Extracted entries:
=======
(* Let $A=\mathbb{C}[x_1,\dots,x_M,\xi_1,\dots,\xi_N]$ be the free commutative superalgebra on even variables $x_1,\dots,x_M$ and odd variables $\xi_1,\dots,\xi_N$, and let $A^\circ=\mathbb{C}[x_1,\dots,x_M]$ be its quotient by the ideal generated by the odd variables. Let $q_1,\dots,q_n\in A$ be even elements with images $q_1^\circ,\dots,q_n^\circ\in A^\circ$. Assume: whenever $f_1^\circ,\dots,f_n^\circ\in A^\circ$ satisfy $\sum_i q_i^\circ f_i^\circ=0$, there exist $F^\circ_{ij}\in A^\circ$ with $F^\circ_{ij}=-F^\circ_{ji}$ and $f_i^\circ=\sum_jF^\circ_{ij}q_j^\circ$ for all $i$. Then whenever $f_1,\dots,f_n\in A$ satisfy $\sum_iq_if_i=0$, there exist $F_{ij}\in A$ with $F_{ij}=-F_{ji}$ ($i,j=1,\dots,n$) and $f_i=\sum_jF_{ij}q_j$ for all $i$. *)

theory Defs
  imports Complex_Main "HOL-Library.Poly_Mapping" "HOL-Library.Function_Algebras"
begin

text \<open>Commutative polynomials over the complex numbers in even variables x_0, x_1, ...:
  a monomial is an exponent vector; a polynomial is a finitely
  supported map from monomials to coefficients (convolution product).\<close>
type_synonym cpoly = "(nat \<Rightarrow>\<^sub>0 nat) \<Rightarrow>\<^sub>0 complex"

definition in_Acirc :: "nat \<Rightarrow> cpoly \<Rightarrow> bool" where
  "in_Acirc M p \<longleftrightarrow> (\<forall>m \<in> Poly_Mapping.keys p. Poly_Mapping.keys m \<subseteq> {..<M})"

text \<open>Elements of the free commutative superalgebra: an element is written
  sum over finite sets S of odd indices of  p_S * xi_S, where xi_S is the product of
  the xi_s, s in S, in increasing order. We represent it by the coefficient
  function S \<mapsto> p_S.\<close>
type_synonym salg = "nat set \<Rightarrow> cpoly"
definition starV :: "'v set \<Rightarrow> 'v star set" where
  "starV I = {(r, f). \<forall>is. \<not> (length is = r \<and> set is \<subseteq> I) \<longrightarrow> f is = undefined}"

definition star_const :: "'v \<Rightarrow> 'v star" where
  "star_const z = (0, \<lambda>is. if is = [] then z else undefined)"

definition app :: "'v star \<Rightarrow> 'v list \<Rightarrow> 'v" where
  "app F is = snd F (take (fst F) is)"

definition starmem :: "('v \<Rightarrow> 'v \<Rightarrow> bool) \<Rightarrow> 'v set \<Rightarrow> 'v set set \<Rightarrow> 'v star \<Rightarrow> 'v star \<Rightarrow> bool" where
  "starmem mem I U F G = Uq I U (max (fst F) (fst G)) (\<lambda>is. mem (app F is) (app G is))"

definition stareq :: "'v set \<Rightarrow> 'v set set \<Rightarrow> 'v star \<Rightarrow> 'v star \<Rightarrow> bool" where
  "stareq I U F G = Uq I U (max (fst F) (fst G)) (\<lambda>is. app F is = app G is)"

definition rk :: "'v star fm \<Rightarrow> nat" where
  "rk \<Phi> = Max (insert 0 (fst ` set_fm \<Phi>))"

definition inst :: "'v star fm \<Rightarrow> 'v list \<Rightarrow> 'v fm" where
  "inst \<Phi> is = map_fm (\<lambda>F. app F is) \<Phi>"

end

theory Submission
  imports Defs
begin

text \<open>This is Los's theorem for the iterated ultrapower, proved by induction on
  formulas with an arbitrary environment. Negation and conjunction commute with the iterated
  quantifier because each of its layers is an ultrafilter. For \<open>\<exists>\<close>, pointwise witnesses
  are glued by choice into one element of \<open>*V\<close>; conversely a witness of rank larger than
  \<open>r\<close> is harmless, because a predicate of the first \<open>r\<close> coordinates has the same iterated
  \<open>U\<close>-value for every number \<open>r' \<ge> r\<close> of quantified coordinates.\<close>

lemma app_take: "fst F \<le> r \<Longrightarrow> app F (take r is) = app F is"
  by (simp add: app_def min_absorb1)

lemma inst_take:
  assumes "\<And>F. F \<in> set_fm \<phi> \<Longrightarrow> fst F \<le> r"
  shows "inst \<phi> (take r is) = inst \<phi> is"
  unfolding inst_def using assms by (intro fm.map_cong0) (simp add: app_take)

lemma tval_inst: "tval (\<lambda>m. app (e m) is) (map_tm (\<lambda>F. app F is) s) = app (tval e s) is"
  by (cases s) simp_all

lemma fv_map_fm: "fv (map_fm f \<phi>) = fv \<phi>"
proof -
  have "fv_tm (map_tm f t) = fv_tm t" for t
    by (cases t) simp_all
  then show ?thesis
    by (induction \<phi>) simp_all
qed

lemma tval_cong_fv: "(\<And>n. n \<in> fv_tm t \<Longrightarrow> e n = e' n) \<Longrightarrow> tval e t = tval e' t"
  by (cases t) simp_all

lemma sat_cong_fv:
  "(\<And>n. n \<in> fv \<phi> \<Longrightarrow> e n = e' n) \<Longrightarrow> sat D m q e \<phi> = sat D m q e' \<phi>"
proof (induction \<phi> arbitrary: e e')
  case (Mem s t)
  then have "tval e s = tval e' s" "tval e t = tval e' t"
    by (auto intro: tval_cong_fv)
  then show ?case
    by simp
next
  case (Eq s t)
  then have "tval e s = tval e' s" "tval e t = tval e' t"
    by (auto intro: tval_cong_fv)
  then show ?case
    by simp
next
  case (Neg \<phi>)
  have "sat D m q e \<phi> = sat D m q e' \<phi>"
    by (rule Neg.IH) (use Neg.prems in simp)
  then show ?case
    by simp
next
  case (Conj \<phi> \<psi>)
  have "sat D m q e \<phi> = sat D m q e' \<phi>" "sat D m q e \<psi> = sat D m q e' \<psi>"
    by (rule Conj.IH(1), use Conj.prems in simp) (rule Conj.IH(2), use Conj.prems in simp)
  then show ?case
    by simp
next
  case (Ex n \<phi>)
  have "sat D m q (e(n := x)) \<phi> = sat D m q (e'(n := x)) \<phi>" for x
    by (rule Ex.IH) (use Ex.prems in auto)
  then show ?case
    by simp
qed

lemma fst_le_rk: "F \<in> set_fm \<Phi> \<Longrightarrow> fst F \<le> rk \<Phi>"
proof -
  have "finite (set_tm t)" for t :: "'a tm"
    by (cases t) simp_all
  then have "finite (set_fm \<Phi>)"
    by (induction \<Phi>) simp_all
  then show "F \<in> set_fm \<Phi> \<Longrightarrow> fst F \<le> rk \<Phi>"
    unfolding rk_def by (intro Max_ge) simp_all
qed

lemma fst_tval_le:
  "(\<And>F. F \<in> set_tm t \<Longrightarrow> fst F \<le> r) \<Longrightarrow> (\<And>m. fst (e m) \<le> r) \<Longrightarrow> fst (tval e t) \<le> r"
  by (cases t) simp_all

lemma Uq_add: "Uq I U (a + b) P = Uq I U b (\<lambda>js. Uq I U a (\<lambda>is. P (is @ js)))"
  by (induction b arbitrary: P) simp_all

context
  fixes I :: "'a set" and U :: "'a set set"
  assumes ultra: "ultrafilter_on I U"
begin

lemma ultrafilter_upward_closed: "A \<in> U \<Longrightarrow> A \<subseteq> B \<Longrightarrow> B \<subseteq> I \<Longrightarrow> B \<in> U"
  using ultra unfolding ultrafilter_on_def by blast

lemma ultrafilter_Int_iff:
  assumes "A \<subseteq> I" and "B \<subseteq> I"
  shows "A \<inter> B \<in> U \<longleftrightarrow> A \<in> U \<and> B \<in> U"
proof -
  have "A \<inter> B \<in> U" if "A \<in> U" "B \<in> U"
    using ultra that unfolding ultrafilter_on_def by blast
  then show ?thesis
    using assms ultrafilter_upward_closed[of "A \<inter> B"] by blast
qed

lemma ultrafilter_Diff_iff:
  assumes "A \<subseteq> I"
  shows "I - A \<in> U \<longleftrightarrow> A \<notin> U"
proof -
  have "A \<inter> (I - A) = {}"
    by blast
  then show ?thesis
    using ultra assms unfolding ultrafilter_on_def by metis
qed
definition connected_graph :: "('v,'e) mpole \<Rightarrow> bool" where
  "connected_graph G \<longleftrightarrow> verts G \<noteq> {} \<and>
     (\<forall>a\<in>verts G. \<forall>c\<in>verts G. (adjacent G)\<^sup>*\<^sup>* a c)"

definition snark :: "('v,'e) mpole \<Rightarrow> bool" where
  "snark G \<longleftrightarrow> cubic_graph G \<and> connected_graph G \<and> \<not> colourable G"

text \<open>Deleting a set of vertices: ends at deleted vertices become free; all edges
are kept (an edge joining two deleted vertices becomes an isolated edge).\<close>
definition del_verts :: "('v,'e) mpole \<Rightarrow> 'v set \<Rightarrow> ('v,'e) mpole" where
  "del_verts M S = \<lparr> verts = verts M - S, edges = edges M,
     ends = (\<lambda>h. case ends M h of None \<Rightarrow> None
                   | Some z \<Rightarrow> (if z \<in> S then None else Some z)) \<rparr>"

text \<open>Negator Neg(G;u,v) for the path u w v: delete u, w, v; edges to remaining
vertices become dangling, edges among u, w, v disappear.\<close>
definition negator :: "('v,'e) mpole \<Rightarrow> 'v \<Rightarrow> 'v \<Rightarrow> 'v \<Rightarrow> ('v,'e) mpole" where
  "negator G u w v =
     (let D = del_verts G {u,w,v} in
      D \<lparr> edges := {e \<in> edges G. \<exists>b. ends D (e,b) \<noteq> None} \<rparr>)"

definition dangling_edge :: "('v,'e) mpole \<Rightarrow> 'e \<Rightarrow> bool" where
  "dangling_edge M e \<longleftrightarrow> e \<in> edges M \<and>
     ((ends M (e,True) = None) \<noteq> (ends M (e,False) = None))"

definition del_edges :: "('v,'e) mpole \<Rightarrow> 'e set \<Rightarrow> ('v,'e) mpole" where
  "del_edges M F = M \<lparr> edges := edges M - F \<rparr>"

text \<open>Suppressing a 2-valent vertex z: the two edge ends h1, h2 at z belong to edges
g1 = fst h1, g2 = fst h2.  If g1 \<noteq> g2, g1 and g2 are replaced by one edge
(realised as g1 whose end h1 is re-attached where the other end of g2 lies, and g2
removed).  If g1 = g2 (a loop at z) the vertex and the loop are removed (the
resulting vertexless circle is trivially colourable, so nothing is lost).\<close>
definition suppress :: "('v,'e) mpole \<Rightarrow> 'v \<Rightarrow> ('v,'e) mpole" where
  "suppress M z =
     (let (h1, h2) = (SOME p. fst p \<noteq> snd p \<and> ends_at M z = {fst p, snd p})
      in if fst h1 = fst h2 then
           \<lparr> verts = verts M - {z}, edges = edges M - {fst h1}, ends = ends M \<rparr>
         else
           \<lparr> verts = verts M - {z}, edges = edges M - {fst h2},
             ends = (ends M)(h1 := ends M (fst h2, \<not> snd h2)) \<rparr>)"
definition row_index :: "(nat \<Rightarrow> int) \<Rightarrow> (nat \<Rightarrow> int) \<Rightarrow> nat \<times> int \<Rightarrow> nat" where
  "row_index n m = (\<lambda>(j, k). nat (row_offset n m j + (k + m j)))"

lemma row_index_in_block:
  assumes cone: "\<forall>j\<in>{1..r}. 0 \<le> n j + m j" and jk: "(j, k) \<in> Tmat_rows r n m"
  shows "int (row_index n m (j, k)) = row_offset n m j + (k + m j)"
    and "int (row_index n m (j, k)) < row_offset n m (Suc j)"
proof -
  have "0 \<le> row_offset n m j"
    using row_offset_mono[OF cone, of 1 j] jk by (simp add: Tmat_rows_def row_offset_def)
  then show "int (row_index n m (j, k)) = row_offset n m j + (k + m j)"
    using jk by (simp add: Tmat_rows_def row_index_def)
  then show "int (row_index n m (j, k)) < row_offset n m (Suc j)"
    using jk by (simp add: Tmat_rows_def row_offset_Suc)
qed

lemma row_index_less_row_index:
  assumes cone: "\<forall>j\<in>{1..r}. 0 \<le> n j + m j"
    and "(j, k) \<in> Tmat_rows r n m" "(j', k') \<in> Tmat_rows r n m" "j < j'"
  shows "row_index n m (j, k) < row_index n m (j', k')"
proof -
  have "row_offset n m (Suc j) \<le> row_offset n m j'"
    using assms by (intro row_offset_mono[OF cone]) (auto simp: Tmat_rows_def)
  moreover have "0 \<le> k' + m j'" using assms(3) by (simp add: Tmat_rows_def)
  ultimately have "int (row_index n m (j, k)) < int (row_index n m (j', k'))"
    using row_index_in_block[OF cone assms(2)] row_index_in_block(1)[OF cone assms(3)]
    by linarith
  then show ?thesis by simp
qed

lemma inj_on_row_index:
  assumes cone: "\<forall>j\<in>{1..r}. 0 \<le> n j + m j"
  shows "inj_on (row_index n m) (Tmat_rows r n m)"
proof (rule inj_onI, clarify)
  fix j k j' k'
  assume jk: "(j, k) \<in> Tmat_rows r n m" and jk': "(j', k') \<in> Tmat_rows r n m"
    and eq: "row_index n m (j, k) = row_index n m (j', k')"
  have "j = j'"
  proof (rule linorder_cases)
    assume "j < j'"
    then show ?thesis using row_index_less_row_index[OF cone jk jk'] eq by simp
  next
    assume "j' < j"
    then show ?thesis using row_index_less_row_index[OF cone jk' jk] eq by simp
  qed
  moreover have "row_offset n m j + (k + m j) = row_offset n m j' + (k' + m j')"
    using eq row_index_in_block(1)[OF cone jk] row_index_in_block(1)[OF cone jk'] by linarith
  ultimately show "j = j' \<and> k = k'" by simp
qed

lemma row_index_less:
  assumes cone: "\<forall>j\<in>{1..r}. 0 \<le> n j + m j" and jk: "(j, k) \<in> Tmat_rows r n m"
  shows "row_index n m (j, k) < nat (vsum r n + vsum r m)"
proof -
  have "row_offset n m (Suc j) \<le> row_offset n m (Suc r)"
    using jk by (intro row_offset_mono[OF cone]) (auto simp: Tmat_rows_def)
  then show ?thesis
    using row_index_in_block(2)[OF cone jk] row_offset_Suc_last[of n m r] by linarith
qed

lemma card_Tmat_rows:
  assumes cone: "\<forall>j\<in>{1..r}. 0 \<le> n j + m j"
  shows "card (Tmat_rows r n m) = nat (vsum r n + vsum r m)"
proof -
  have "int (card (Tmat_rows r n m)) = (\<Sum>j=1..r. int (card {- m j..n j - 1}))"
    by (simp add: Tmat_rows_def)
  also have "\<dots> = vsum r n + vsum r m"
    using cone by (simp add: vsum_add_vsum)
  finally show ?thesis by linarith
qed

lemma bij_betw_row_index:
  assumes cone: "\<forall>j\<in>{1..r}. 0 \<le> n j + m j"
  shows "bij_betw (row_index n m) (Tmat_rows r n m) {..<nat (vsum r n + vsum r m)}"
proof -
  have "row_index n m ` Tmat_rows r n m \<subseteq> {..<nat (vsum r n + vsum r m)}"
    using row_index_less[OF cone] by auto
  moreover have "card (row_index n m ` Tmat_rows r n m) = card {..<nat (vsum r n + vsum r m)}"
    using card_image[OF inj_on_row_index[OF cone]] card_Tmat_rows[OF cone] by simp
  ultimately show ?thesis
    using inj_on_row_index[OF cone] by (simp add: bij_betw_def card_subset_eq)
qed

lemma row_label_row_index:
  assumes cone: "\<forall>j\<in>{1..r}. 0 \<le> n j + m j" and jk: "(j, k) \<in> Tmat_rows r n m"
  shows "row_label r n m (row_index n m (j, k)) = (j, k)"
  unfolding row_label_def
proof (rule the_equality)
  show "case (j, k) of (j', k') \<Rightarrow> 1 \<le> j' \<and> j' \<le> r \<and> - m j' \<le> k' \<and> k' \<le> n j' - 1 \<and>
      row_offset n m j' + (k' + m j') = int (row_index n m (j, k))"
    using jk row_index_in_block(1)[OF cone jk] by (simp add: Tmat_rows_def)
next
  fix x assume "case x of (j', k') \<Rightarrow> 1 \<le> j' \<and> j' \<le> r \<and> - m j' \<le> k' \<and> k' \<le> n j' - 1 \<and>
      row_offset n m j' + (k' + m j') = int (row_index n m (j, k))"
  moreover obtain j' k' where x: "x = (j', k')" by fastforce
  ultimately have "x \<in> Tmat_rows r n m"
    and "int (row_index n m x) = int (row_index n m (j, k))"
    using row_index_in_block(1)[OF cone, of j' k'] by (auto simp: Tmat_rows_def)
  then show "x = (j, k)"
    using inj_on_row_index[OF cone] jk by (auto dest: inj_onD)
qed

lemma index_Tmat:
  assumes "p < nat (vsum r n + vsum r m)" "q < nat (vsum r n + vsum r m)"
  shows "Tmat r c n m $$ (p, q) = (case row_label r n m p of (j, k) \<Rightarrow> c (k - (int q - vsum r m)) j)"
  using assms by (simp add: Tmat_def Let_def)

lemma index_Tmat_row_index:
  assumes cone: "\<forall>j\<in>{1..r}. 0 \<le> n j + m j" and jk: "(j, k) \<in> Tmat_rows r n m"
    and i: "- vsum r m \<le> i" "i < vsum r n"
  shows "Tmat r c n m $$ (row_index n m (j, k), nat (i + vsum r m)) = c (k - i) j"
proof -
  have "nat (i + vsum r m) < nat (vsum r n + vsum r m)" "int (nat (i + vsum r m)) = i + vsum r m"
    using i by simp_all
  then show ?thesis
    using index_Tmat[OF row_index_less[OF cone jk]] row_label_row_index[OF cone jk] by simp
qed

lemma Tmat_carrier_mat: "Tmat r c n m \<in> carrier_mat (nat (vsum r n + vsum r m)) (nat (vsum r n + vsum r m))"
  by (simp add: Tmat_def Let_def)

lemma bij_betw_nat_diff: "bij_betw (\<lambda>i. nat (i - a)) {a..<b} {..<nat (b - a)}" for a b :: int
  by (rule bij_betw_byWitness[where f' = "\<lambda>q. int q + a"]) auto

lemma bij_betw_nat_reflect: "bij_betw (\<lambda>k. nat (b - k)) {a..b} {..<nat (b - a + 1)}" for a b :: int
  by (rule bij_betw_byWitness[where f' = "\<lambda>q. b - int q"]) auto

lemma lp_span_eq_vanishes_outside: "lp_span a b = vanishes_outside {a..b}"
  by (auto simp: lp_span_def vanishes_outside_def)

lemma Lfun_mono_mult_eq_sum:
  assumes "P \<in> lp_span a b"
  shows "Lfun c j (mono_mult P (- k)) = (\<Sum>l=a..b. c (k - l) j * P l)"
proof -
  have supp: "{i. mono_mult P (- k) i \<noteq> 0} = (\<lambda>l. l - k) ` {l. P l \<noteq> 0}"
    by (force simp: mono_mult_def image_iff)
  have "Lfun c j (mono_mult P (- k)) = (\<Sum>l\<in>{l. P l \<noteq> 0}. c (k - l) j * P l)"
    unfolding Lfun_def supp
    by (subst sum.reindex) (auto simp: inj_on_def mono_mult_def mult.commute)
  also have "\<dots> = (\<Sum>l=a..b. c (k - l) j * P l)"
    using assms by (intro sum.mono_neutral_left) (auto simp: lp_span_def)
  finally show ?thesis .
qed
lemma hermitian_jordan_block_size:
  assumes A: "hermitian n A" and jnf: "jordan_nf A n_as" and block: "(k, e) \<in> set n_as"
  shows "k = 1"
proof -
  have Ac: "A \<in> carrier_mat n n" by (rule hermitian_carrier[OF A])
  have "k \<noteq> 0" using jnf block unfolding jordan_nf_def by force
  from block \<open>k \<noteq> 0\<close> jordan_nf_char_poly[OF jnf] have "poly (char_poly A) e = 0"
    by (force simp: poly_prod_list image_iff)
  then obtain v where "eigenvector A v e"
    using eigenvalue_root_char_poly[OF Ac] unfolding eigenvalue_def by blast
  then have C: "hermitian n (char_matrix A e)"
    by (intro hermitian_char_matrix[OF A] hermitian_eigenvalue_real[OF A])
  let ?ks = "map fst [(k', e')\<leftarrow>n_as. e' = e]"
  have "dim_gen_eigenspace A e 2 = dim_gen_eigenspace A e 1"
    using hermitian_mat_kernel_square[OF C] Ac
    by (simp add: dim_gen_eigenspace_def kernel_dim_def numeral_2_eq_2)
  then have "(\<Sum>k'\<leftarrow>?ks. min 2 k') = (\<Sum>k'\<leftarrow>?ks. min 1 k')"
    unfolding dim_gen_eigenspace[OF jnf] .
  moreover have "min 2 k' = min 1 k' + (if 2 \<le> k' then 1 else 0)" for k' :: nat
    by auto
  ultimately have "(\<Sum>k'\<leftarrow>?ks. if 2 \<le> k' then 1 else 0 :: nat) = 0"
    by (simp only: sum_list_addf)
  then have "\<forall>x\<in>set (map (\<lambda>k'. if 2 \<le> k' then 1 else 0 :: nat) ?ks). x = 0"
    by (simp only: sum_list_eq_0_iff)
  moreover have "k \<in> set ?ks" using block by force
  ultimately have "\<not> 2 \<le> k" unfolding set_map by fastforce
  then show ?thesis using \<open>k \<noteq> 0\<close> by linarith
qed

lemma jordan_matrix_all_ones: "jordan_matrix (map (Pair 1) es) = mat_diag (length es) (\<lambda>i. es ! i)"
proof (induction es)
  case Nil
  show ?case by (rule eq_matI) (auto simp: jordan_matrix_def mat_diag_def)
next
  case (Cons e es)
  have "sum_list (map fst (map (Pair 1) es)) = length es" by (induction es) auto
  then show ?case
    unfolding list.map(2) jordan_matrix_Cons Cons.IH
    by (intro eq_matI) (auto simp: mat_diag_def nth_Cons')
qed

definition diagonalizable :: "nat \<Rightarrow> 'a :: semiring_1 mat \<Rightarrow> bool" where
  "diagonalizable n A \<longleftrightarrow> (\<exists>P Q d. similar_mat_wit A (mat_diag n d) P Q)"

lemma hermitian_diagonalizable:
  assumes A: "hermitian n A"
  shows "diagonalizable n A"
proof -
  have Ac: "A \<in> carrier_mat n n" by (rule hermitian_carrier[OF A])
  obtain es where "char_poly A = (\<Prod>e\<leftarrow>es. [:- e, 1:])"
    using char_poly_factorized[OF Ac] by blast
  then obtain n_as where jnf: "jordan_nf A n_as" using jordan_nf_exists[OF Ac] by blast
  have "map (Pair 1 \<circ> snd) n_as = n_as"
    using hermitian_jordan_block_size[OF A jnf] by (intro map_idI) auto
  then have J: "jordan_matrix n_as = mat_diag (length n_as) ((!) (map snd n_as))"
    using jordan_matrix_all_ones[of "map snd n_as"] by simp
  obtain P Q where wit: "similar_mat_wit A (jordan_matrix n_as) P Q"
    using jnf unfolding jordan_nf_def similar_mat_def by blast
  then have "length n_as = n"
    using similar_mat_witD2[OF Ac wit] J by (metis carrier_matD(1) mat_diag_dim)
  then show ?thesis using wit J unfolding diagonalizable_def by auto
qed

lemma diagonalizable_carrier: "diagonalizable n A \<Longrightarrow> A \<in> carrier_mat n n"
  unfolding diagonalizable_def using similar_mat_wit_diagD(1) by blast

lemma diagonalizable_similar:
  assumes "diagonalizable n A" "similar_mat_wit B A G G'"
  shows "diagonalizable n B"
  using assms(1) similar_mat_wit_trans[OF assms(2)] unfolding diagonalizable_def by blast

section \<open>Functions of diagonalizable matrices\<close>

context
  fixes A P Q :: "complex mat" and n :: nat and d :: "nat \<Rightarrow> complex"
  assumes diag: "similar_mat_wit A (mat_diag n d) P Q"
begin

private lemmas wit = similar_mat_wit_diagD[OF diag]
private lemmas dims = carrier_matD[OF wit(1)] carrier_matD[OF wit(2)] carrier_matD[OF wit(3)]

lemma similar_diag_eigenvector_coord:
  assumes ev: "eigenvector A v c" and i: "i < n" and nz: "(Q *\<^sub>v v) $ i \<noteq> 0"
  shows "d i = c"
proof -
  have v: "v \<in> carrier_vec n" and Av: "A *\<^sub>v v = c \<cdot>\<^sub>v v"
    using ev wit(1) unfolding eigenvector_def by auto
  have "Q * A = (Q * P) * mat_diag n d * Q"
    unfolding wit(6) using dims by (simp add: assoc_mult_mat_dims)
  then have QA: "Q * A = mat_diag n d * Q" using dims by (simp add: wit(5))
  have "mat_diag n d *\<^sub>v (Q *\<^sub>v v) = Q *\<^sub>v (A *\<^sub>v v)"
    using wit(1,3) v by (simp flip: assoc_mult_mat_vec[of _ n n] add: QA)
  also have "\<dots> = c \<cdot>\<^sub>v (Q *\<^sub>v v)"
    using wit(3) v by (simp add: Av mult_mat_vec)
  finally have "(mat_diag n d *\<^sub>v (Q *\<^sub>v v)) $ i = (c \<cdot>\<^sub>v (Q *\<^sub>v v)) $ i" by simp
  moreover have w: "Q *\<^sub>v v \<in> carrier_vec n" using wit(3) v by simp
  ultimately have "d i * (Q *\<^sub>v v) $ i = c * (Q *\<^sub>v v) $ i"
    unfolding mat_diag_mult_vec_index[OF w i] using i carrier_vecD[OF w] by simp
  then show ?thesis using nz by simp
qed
=======
What is expected: Report each line of the entries where the word "noteq" occurs.

Written answer:
  "connected_graph G \<longleftrightarrow> verts G \<noteq> {} \<and>
      D \<lparr> edges := {e \<in> edges G. \<exists>b. ends D (e,b) \<noteq> None} \<rparr>)"
     ((ends M (e,True) = None) \<noteq> (ends M (e,False) = None))"
g1 = fst h1, g2 = fst h2.  If g1 \<noteq> g2, g1 and g2 are replaced by one edge
     (let (h1, h2) = (SOME p. fst p \<noteq> snd p \<and> ends_at M z = {fst p, snd p})
  have supp: "{i. mono_mult P (- k) i \<noteq> 0} = (\<lambda>l. l - k) ` {l. P l \<noteq> 0}"
  have "Lfun c j (mono_mult P (- k)) = (\<Sum>l\<in>{l. P l \<noteq> 0}. c (k - l) j * P l)"
  have "k \<noteq> 0" using jnf block unfolding jordan_nf_def by force
  from block \<open>k \<noteq> 0\<close> jordan_nf_char_poly[OF jnf] have "poly (char_poly A) e = 0"
  then show ?thesis using \<open>k \<noteq> 0\<close> by linarith
  assumes ev: "eigenvector A v c" and i: "i < n" and nz: "(Q *\<^sub>v v) $ i \<noteq> 0"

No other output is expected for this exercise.